In 2020 frozen food sales grew in both dollars (+21%) and units (+13.3%), with nearly all types of frozen foods seeing double-digit sales increases.

“Shoppers are nearly a year into the COVID-19 pandemic and are having more family meals at home than ever before. They are looking for meal plans, culinary creativity and convenient, cost-effective solutions,” said FMI Vice President of Industry Relations Doug Baker. “The frozen foods category offers these benefits to shoppers and that’s why we see all areas—from meal ingredients to meal solutions—reaching new audiences and increasing purchases.” 


During the early weeks of the pandemic in mid and late March, frozen food sales nearly doubled. In subsequent months, sales tracked 30% to 40% ahead of a year ago. Gains have slowly tapered off to around 15% to 20% above 2019 levels in the fourth quarter of 2020—continuing to be well ahead of most other in-store categories.

The top three frozen food categories with the largest percentage of dollar growth in 2020, according to IRI, include seafood (+35.3%), poultry (+34.7%) and appetizers (+28.9%).

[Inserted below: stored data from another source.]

lemma single_fold_decomp_full_fold_iso:
  assumes wf: "wf_graph G" and "connected_graph G" and irr: "irreducible_map G f"
    and "single_fold_decomp G f"
  obtains e0 e1 \<tau> \<beta> where "full_fold_iso G e0 e1 \<tau> \<beta>"
proof -
  obtain e0 e1 h where pre: "fold_precond G e0 e1" and iso: "graph_iso (full_fold_graph G e0 e1) G h"
    and f: "map_eq G f (gcomp h (full_fold_map e0 e1))"
    using single_fold_decomp_full_fold[OF wf \<open>single_fold_decomp G f\<close>] by blast
  let ?H = "full_fold_graph G e0 e1"
  define \<tau> where "\<tau> x = hd (emap h x)" for x
  have H: "verts ?H = verts G" "oedges ?H = oedges G"
    "oinit ?H x = (if x = e1 then oterm G e0 else oinit G x)" for x
    by (simp_all add: full_fold_graph_def oedges_def set_oinit_def oinit_set_oinit[unfolded set_oinit_def])
  have gm: "graph_map ?H G h"
    using iso by (simp add: graph_iso_def)
  have emap_h: "emap h x = [\<tau> x]" if "x \<in> oedges G" for x
    using graph_iso_emap[OF iso] that H(2) by (simp add: \<tau>_def)
  have tau_bij: "bij_betw \<tau> (oedges G) (oedges G)"
    using iso H(2) by (simp add: graph_iso_def \<tau>_def[abs_def])
  have "full_fold_iso G e0 e1 \<tau> (vmap h)"
  proof
    show "wf_graph G" "connected_graph G" "fold_precond G e0 e1" "bij_betw \<tau> (oedges G) (oedges G)"
      by fact+
    show "3 \<le> valence G y" if "y \<in> verts G" for y
      using irr that by (simp add: irreducible_map_def)
    show "bij_betw (vmap h) (verts G) (verts G)"
      using iso H(1) by (simp add: graph_iso_def)
    show "\<tau> (orev x) = orev (\<tau> x)" if "x \<in> oedges G" for x
      using gm that H(2) emap_h[OF that] emap_h[of "orev x"]
      by (simp add: graph_map_def rev_path_def)
    show "oinit G (\<tau> x) = vmap h (if x = e1 then oterm G e0 else oinit G x)" if "x \<in> oedges G" for x
    proof -
      have "oinit G (hd (emap h x)) = vmap h (oinit ?H x)"
        using gm that H(2) unfolding graph_map_def by blast
      then show ?thesis
        using H(3) emap_h[OF that] by simp
    qed
    show "\<exists>l. (edge_perm \<tau> ^^ l) i = fst e1" if "i \<in> edges G" for i
    proof (rule irreducible_matrix_reaches[where A = "trans_mat f"])
      show "irreducible_matrix (edges G) (trans_mat f)"
        using irr by (simp add: irreducible_map_def)
      show "fst e1 \<in> edges G" "i \<in> edges G"
        using pre that by (simp_all add: fold_precond_def oedges_iff)
      show "j = edge_perm \<tau> k" if "k \<in> edges G" "k \<noteq> fst e1" "0 < trans_mat f k j" for k j
      proof -
        have "emap f (k, True) = [\<tau> (k, True)]"
          using full_fold_emap[OF f that(1,2)] emap_h[of "(k, True)"] that(1) by (simp add: oedges_iff)
        then show ?thesis
          using trans_mat_pos_singleton that(3) by (simp add: edge_perm_def)
      qed
    qed
  qed
  then show thesis
    by (rule that)
qed

theorem single_fold_classification:
  assumes "wf_graph G" "connected_graph G" "irreducible_map G f" "single_fold_decomp G f"
  shows "(\<exists>r. isomorphic G (rose r)) \<or> (\<exists>k\<ge>2. isomorphic G (delta_minus k)) \<or>
    (\<exists>k\<ge>2. isomorphic G (delta_plus k))"
proof -
  obtain e0 e1 \<tau> \<beta> where "full_fold_iso G e0 e1 \<tau> \<beta>"
    using single_fold_decomp_full_fold_iso[OF assms] .
  then show ?thesis
    using full_fold_iso.classification by blast
qed

theorem theoremC:
  fixes G :: graph and f :: gmap and r :: nat
  assumes "wf_graph G" and "connected_graph G" and "rank G = int r"
    and "graph_map G G f" and "irreducible_map G f"
    and "homotopy_equivalence G G f"
    and "single_fold_decomp G f"
  shows "(isomorphic G (rose r) \<or>
          (\<exists>k\<ge>2. isomorphic G (delta_minus k) \<or> isomorphic G (delta_plus k)))
       \<and> (r mod 3 = 0 \<longrightarrow> isomorphic G (rose r) \<or>
            (\<exists>k\<ge>2. 3 * k - 3 = r \<and> isomorphic G (delta_minus k)))
       \<and> (r mod 3 = 1 \<longrightarrow> isomorphic G (rose r))
       \<and> (r mod 3 = 2 \<longrightarrow> isomorphic G (rose r) \<or>
            (\<exists>k\<ge>2. 3 * k - 1 = r \<and> isomorphic G (delta_plus k)))"
  using single_fold_classification[OF assms(1,2,5,7)]
proof (elim disjE exE conjE)
  fix N assume iso: "isomorphic G (rose N)"
  then have "N = r"
    using isomorphic_rank[OF iso] rank_rose assms(3) by simp
  then show ?thesis
    using iso by simp
next
  fix k assume "2 \<le> k" and iso: "isomorphic G (delta_minus k)"
  then have "3 * int k - 3 = int r"
    using isomorphic_rank[OF iso] rank_delta_minus[of k] assms(3) by simp
  then have "r mod 3 = 0 \<and> 3 * k - 3 = r"
    using \<open>2 \<le> k\<close> by presburger
  then show ?thesis
    using \<open>2 \<le> k\<close> iso by auto
next
  fix k assume "2 \<le> k" and iso: "isomorphic G (delta_plus k)"
  then have "3 * int k - 1 = int r"
    using isomorphic_rank[OF iso] rank_delta_plus[of k] assms(3) by simp
  then have "r mod 3 = 2 \<and> 3 * k - 1 = r"
    using \<open>2 \<le> k\<close> by presburger
  then show ?thesis
    using \<open>2 \<le> k\<close> iso by auto
qed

“It’s not just about what’s for dinner, especially for our core frozen food consumers,” Bodor added. “All meal occasions—dinner, lunch, snacks and breakfast—are contributing to an increase in frozen food purchases.”


According to the report, Americans’ reliance on frozen food varies widely, from 13% consuming it once a month at most to 14% using frozen foods daily. Many consumers (72%) mix fresh and frozen ingredients in their meal  preparation. Amid the pandemic, the share of core frozen food consumers, defined as those who consume frozen food daily or every few days, rose from 35% in 2018 to 39% in 2020. Core frozen food consumers grew among boomers, singles and women, but the older millennial remains the largest segment. Core frozen foods consumers purchase across more categories, particularly multi-serve entrees, meat/chicken, meat alternatives and potato items.

As consumers turned to online shopping at a record rate during COVID, the vast majority were adding frozen to their digital cart. Over the past year, 42% of households that buy frozen foods have bought frozen foods online, up from 23% in 2018. Online frozen food dollar sales increased 75% in 2020, with frozen dinners/entrees, meat, poultry and seafood being the biggest online sellers. 

Across many nutrition and production traits, frozen food consumers are most likely to be interested in “real” ingredients, followed by fresh frozen and the absence of artificial colors. 

The interest in fresh frozen also aligns with another key finding from the Power of Frozen 2021. To most frozen food consumers (72%), it’s not frozen or fresh—it’s frozen and fresh. “Mixing fresh and frozen in the same meal is a telltale trait of our core frozen food consumers,” noted Bodor. 


Among other highlights from the Power of Frozen report:

• The COVID-19 pandemic prompted changes in purchasing: 57% still purchase more frozen foods, 58% different kinds of frozen foods or 57% are purchasing different brands than they did pre-pandemic.

• Both core and low-frequency frozen food consumers have become more engaged. Buying different items and buying more have a high correlation, underscoring that frozen foods’ vast variety can be one of its most effective recruiting grounds.

• Dinner, snacks and breakfast are top drivers of increased frozen food purchases since the onset of the pandemic. All areas, from meal ingredients to meal solutions have gained in new buyers and increased purchases. Areas of accelerated growth since April are seafood, fruit and multiserve meal solutions.

• Concerns over shortages or being in-store have greatly diminished since April, but frozen foods’ ease of preparation and more at-home meals are important drivers of buying more frozen foods.

• Greater levels of experimentation along with needing more variety for the more at-home meals and value seeking are driving shoppers to change the kinds of frozen foods they purchase.

• 38% of frozen food shoppers expect they will purchase more in the next few months versus 6% expecting to buy less.

The Power of Frozen was conducted by 210 Analytics and is sponsored by Pictsweet, Wawona Frozen Foods, J.R. Simplot Co. and Firestone Pacific Foods.